Start of DATASET RECORDS

(* Let $M>2$, $p_M=\frac{M+2}{M-2}$, $m\ge1$, and for $p\in(1,p_M)$ let $v_p$ be the unique solution in $H^1_{0,M}$ of $-(t^{M-1}v')'=t^{M-1}|v|^{p-1}v$ on $(0,1)$, $v'(0)=0$, $v(1)=0$, with exactly $m$ nodal zones and $v_p(0)>0$. For all $i=0,\dots,m-1$, \[ \liminf_{p\to p_M}\int_{t_{i,p}}^{t_{i+1,p}}t^{M-1}|v_p|^{p+1}dt=\liminf_{p\to p_M}\int_{t_{i,p}}^{t_{i+1,p}}t^{M-1}|v_p'|^{2}dt\ge S_M^{M/2}, \] and in particular $\liminf_{p\to p_M}\mathcal M_{i,p}>0$.
   Context: $H^1_{0,M}$: measurable $v$ on $(0,1)$ with $\int_0^1t^{M-1}(v^2+|v'|^2)<\infty$ and $v(1)=0$. $0=t_{0,p}<t_{1,p}<\dots<t_{m,p}=1$ are $0$ and the zeros of $v_p$; $\mathcal M_{i,p}=\max_{[t_{i,p},t_{i+1,p}]}|v_p|$. $S_M=\inf\{\int_0^1t^{M-1}|v'|^2dt/(\int_0^1t^{M-1}|v|^{2M/(M-2)}dt)^{(M-2)/M}: v\in H^1_{0,M}\setminus\{0\}\}$ is the best constant of the Sobolev embedding of $H^1_{0,M}$ into the weighted space $L^{2M/(M-2)}$ with weight $t^{M-1}$. *)

theory Defs
  imports "HOL-Analysis.Analysis"
begin

text \<open>The space H^1_{0,M}: v on (0,1] given (as its absolutely continuous representative)
  by v x = - integral of its weak derivative g over [x,1] (this encodes v(1) = 0),
  with the weighted norm integral of t^(M-1)(v^2 + g^2) over (0,1) finite.\<close>
definition H10M :: "real \<Rightarrow> (real \<Rightarrow> real) \<Rightarrow> (real \<Rightarrow> real) \<Rightarrow> bool" where
  "H10M M v g \<longleftrightarrow>
     (\<forall>a\<in>{0<..<1}. g integrable_on {a..1}) \<and>
     (\<forall>x\<in>{0<..1}. v x = - integral {x..1} g) \<and>
     set_integrable lborel {0<..<1::real} (\<lambda>t. t powr (M-1) * (v t)\<^sup>2) \<and>
     set_integrable lborel {0<..<1::real} (\<lambda>t. t powr (M-1) * (g t)\<^sup>2)"

definition S_M :: "real \<Rightarrow> real" where
  "S_M M = (INF vg \<in> {(v, g). H10M M v g \<and> (\<exists>t\<in>{0<..1}. v t \<noteq> 0) \<and>
        set_integrable lborel {0<..<1::real} (\<lambda>t. t powr (M-1) * \<bar>v t\<bar> powr (2*M/(M-2)))}.
      (LINT t:{0<..<1}|lborel. t powr (M-1) * (snd vg t)\<^sup>2) /
      (LINT t:{0<..<1}|lborel. t powr (M-1) * \<bar>fst vg t\<bar> powr (2*M/(M-2))) powr ((M-2)/M))"

text \<open>v is a (classical) solution of -(t^(M-1) v')' = t^(M-1) |v|^(p-1) v on (0,1),
  v'(0) = 0, v(1) = 0, with derivative v', exactly m nodal zones (m-1 zeros in (0,1)),
  and v(0) > 0.\<close>
definition radial_sol :: "real \<Rightarrow> real \<Rightarrow> nat \<Rightarrow> (real \<Rightarrow> real) \<Rightarrow> (real \<Rightarrow> real) \<Rightarrow> bool" where
  "radial_sol M p m v v' \<longleftrightarrow>
     (\<forall>t\<in>{0..1}. (v has_real_derivative v' t) (at t within {0..1})) \<and>
     continuous_on {0..1} v' \<and> v' 0 = 0 \<and> v 1 = 0 \<and>
     (\<forall>t\<in>{0<..<1}. ((\<lambda>s. s powr (M-1) * v' s) has_real_derivative
         - (t powr (M-1) * (\<bar>v t\<bar> powr (p-1) * v t))) (at t)) \<and>
     finite {t\<in>{0<..<1}. v t = 0} \<and> card {t\<in>{0<..<1}. v t = 0} = m - 1 \<and>
     v 0 > 0"

text \<open>The points 0 = t_0 < t_1 < ... < t_m = 1: 0 and the zeros of v in (0,1].\<close>
definition nodes :: "(real \<Rightarrow> real) \<Rightarrow> nat \<Rightarrow> real" where
  "nodes v i = sorted_list_of_set ({0} \<union> {t\<in>{0<..1}. v t = 0}) ! i"

end

theory Submission
  imports Defs
begin

(* On a nodal zone [a,b] of v_p, testing the equation with v_p gives the energy identity
   E = int t^(M-1) |v_p|^(p+1) = int t^(M-1) |v_p'|^2.  Extended by zero outside the zone, v_p is
   admissible for S_M, so S_M B^(2/2* ) <= E with B = int t^(M-1) |v_p|^2* and 2* = 2M/(M-2).
   Hoelder's inequality for the weight t^(M-1), which has mass at most 1 on [0,1], gives
   E <= B^((p+1)/2* ); together S_M^((p+1)/(p-1)) <= E, and (p+1)/(p-1) -> M/2 as p -> p_M.
   For the maximum K of |v_p| on the zone, E <= K^(p-1) int t^(M-1) v_p^2 <= K^(p-1) (4/M^2) E
   by a weighted Poincare inequality, so K^(p-1) >= M^2/4 > 1. *)

abbreviation sobolev_exponent :: "real \<Rightarrow> real" where
  "sobolev_exponent M \<equiv> 2*M/(M-2)"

End of DATASET RECORDS

#### HOW TO COMPLETE THIS TASK:
The count alone is wanted: how many lines above hold the string "over"?

#### OUTPUT FOR THIS TASK:
2